**Task statement**.
The number of lines containing "subseteq" is the only answer wanted; work it out from the entries below.

[Saved data entries]
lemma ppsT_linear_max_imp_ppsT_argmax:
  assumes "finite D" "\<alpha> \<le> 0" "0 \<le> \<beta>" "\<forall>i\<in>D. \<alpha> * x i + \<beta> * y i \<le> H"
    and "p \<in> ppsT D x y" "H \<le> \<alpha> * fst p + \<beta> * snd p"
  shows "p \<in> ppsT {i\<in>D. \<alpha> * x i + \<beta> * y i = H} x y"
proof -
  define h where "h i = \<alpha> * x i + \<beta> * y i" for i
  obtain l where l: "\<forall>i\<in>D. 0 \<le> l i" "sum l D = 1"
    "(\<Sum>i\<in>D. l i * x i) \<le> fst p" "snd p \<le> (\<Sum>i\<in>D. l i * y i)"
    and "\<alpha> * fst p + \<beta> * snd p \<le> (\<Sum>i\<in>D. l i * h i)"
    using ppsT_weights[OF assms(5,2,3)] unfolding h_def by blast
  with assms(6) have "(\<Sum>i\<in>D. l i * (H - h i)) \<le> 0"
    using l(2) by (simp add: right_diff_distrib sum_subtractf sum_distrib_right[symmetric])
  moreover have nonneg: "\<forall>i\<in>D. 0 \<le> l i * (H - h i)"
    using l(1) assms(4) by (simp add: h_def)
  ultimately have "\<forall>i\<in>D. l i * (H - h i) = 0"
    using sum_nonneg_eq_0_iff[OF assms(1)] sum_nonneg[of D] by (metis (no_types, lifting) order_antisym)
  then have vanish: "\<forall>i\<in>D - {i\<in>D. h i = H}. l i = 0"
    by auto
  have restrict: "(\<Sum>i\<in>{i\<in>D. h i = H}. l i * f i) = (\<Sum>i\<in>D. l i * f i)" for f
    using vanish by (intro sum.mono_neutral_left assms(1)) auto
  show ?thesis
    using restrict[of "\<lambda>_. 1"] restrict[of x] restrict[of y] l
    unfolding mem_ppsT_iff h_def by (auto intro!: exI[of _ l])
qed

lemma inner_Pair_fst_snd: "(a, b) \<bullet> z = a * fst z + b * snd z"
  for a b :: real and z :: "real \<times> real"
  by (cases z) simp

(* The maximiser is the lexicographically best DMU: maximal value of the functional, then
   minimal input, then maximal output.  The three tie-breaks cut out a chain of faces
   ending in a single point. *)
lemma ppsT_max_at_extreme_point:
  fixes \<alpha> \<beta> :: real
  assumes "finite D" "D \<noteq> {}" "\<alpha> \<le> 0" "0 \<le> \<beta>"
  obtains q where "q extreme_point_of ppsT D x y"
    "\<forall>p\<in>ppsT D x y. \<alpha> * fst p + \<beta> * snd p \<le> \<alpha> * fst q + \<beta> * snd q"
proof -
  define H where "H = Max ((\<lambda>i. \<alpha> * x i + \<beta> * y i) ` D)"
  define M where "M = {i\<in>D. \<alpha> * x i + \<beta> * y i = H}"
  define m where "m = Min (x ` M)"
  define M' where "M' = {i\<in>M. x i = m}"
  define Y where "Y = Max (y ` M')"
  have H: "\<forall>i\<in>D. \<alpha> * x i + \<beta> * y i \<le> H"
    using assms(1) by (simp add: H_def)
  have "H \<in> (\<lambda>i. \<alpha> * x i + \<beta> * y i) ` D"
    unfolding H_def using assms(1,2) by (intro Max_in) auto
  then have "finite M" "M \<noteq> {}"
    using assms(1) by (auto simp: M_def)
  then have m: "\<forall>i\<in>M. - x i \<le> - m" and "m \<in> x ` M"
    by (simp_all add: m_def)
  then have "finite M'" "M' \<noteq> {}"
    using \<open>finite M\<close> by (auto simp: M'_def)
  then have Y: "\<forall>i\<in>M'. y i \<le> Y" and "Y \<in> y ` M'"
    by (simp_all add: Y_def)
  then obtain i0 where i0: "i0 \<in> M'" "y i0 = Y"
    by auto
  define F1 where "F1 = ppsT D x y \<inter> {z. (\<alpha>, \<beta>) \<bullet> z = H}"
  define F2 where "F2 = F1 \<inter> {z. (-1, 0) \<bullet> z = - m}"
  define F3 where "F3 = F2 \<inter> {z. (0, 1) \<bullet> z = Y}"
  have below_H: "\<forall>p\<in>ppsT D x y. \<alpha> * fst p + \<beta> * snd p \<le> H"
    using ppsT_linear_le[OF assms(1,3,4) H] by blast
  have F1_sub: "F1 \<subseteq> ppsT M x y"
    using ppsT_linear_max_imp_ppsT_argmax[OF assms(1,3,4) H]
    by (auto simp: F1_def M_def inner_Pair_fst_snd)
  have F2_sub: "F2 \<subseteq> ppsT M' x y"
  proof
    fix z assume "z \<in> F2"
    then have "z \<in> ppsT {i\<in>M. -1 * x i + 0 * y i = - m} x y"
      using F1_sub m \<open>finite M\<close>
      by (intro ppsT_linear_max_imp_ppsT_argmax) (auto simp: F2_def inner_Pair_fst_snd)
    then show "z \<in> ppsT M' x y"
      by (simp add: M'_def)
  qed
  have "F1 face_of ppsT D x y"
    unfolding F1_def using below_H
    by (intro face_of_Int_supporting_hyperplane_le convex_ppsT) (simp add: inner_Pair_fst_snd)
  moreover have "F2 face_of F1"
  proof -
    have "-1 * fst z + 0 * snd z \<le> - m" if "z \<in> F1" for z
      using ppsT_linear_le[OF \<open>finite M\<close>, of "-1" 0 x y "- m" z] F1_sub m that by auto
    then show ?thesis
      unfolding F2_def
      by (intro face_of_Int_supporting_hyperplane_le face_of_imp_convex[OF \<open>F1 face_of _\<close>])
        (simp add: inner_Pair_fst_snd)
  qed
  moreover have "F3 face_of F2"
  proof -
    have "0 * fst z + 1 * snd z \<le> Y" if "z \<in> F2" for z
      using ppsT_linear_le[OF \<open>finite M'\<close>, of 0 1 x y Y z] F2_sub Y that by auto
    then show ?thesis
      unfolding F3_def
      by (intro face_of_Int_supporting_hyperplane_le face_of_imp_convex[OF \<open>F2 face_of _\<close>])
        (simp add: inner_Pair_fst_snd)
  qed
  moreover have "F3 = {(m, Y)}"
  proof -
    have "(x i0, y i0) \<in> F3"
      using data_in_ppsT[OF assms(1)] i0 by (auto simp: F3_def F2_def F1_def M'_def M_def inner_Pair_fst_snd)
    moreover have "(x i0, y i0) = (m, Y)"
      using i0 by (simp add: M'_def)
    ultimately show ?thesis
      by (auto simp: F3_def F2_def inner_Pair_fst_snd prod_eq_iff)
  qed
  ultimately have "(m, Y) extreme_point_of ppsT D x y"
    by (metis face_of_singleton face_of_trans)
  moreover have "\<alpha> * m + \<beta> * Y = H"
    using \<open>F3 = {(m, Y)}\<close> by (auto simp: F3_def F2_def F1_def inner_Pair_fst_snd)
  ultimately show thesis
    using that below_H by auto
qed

---

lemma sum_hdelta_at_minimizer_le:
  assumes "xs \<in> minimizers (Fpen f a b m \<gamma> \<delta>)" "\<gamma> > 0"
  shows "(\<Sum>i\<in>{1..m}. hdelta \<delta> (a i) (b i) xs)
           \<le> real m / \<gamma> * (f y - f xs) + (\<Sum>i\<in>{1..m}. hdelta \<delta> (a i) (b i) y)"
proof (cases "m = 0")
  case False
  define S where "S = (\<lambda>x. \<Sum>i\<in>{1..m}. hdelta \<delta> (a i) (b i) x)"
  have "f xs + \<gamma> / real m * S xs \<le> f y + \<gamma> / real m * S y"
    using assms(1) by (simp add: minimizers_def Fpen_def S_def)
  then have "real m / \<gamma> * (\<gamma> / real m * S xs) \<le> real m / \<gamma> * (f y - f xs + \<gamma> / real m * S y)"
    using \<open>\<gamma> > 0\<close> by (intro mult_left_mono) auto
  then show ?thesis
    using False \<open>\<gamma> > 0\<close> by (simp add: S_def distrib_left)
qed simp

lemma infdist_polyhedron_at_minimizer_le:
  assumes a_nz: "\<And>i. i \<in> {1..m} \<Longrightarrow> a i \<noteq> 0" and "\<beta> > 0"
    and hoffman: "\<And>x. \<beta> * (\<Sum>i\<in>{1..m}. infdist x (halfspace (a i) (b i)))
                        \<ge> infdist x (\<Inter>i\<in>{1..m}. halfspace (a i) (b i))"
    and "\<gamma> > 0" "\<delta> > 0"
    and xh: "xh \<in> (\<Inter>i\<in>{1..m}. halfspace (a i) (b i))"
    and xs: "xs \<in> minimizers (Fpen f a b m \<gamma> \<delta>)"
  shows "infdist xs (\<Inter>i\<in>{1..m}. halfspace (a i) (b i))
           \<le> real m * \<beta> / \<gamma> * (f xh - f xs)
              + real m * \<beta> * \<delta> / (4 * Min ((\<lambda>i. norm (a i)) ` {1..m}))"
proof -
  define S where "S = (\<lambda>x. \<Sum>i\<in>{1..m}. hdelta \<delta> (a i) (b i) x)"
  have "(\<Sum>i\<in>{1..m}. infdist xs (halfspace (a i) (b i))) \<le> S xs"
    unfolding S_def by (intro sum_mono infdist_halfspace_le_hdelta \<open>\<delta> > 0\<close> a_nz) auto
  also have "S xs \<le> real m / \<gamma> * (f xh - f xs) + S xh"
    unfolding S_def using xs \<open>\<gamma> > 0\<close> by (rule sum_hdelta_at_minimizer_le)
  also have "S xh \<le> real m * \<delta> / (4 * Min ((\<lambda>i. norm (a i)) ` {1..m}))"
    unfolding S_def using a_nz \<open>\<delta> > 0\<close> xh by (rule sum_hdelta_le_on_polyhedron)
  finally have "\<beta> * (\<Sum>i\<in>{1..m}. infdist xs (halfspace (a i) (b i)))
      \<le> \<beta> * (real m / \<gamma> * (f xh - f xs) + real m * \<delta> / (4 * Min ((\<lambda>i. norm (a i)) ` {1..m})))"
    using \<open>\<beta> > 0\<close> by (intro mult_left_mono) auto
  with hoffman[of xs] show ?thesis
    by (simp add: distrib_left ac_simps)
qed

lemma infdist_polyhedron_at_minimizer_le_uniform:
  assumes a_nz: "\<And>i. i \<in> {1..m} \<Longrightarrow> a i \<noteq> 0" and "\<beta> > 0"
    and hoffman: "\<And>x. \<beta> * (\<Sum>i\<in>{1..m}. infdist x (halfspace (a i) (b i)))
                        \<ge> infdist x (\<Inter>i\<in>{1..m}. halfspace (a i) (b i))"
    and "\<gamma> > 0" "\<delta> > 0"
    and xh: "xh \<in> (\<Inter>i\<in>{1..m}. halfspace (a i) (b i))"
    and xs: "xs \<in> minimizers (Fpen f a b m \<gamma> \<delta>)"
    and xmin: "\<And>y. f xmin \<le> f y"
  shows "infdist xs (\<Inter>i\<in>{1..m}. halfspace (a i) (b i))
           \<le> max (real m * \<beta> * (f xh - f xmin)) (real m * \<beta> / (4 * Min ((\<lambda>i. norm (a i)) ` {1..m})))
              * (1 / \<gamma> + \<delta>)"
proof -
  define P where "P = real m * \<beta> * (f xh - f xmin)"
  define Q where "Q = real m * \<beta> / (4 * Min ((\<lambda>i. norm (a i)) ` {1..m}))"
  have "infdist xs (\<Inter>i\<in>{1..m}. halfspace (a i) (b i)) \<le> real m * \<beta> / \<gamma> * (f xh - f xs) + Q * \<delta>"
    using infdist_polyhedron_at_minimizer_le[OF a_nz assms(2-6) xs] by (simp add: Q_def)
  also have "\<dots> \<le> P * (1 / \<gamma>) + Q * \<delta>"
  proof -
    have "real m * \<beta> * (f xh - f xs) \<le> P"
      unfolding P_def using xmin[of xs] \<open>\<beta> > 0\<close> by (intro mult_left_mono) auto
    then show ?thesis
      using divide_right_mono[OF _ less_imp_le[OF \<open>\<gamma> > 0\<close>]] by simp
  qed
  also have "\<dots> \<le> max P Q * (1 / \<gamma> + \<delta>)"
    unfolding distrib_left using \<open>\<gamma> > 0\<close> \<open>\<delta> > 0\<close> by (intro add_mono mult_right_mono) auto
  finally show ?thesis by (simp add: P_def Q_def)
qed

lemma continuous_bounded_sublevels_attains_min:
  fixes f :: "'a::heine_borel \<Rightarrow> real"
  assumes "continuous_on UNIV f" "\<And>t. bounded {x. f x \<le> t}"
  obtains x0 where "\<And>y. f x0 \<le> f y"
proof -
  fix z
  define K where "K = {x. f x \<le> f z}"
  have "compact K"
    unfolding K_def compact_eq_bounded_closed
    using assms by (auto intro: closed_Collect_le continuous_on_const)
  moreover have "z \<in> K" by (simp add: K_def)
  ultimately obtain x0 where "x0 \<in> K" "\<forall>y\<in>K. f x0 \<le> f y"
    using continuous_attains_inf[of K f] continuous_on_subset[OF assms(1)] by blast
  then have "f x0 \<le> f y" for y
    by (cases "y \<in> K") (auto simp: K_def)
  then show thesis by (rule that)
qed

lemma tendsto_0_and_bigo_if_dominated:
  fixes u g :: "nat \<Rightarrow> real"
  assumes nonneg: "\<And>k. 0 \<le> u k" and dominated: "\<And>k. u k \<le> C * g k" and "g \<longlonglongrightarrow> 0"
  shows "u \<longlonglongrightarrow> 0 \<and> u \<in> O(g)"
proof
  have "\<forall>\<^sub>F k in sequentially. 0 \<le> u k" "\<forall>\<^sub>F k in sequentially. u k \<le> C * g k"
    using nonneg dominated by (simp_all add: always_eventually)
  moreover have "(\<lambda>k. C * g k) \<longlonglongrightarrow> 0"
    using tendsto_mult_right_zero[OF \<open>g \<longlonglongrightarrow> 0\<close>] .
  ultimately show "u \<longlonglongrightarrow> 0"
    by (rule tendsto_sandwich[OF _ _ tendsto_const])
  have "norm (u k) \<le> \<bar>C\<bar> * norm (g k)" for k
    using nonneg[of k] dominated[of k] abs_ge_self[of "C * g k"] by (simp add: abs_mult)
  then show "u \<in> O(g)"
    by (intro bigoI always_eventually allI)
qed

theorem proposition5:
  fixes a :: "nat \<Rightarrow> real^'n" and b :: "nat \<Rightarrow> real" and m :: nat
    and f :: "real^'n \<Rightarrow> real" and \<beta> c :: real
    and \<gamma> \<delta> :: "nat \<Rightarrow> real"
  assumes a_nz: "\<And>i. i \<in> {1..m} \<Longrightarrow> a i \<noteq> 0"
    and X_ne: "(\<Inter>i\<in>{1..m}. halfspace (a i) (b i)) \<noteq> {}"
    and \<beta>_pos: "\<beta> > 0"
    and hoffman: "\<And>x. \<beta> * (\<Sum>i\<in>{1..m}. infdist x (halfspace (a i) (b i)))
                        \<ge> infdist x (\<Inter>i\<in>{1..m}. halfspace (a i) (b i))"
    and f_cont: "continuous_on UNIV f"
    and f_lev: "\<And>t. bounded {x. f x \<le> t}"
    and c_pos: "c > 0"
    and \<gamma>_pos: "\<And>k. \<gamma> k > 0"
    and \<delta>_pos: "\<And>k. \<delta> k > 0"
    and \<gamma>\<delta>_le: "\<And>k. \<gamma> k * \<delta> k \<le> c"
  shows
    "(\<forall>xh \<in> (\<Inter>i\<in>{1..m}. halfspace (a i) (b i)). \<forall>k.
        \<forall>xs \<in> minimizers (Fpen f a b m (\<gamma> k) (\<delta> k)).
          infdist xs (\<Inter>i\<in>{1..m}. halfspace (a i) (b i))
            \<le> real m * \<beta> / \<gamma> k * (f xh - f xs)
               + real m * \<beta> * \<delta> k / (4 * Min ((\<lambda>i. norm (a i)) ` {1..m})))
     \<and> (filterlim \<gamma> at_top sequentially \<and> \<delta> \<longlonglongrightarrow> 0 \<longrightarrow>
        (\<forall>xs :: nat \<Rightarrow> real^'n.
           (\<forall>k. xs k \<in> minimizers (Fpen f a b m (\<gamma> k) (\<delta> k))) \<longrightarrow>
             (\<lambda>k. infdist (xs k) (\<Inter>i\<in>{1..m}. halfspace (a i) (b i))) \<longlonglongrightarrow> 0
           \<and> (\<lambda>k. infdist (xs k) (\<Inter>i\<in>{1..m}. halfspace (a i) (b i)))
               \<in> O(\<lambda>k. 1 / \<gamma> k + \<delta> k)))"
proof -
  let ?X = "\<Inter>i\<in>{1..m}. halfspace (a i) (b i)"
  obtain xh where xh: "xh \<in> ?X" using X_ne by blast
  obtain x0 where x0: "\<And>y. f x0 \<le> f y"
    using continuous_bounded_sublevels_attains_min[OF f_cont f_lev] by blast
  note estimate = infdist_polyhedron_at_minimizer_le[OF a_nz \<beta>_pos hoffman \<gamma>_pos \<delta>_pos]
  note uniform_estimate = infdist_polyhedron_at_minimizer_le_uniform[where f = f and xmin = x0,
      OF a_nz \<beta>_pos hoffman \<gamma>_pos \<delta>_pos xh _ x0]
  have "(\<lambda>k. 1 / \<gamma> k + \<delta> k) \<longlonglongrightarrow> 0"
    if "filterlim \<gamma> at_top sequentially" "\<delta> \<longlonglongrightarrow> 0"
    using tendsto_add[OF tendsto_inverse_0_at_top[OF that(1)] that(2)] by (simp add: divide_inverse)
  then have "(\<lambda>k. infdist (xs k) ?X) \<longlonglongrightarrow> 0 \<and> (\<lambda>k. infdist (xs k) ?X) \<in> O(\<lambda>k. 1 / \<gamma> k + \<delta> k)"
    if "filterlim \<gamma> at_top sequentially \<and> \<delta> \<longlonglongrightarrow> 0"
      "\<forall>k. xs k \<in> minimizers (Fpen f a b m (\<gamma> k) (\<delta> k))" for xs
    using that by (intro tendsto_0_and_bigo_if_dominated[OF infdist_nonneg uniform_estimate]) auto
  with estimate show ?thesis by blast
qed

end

**Result of this exercise**.
2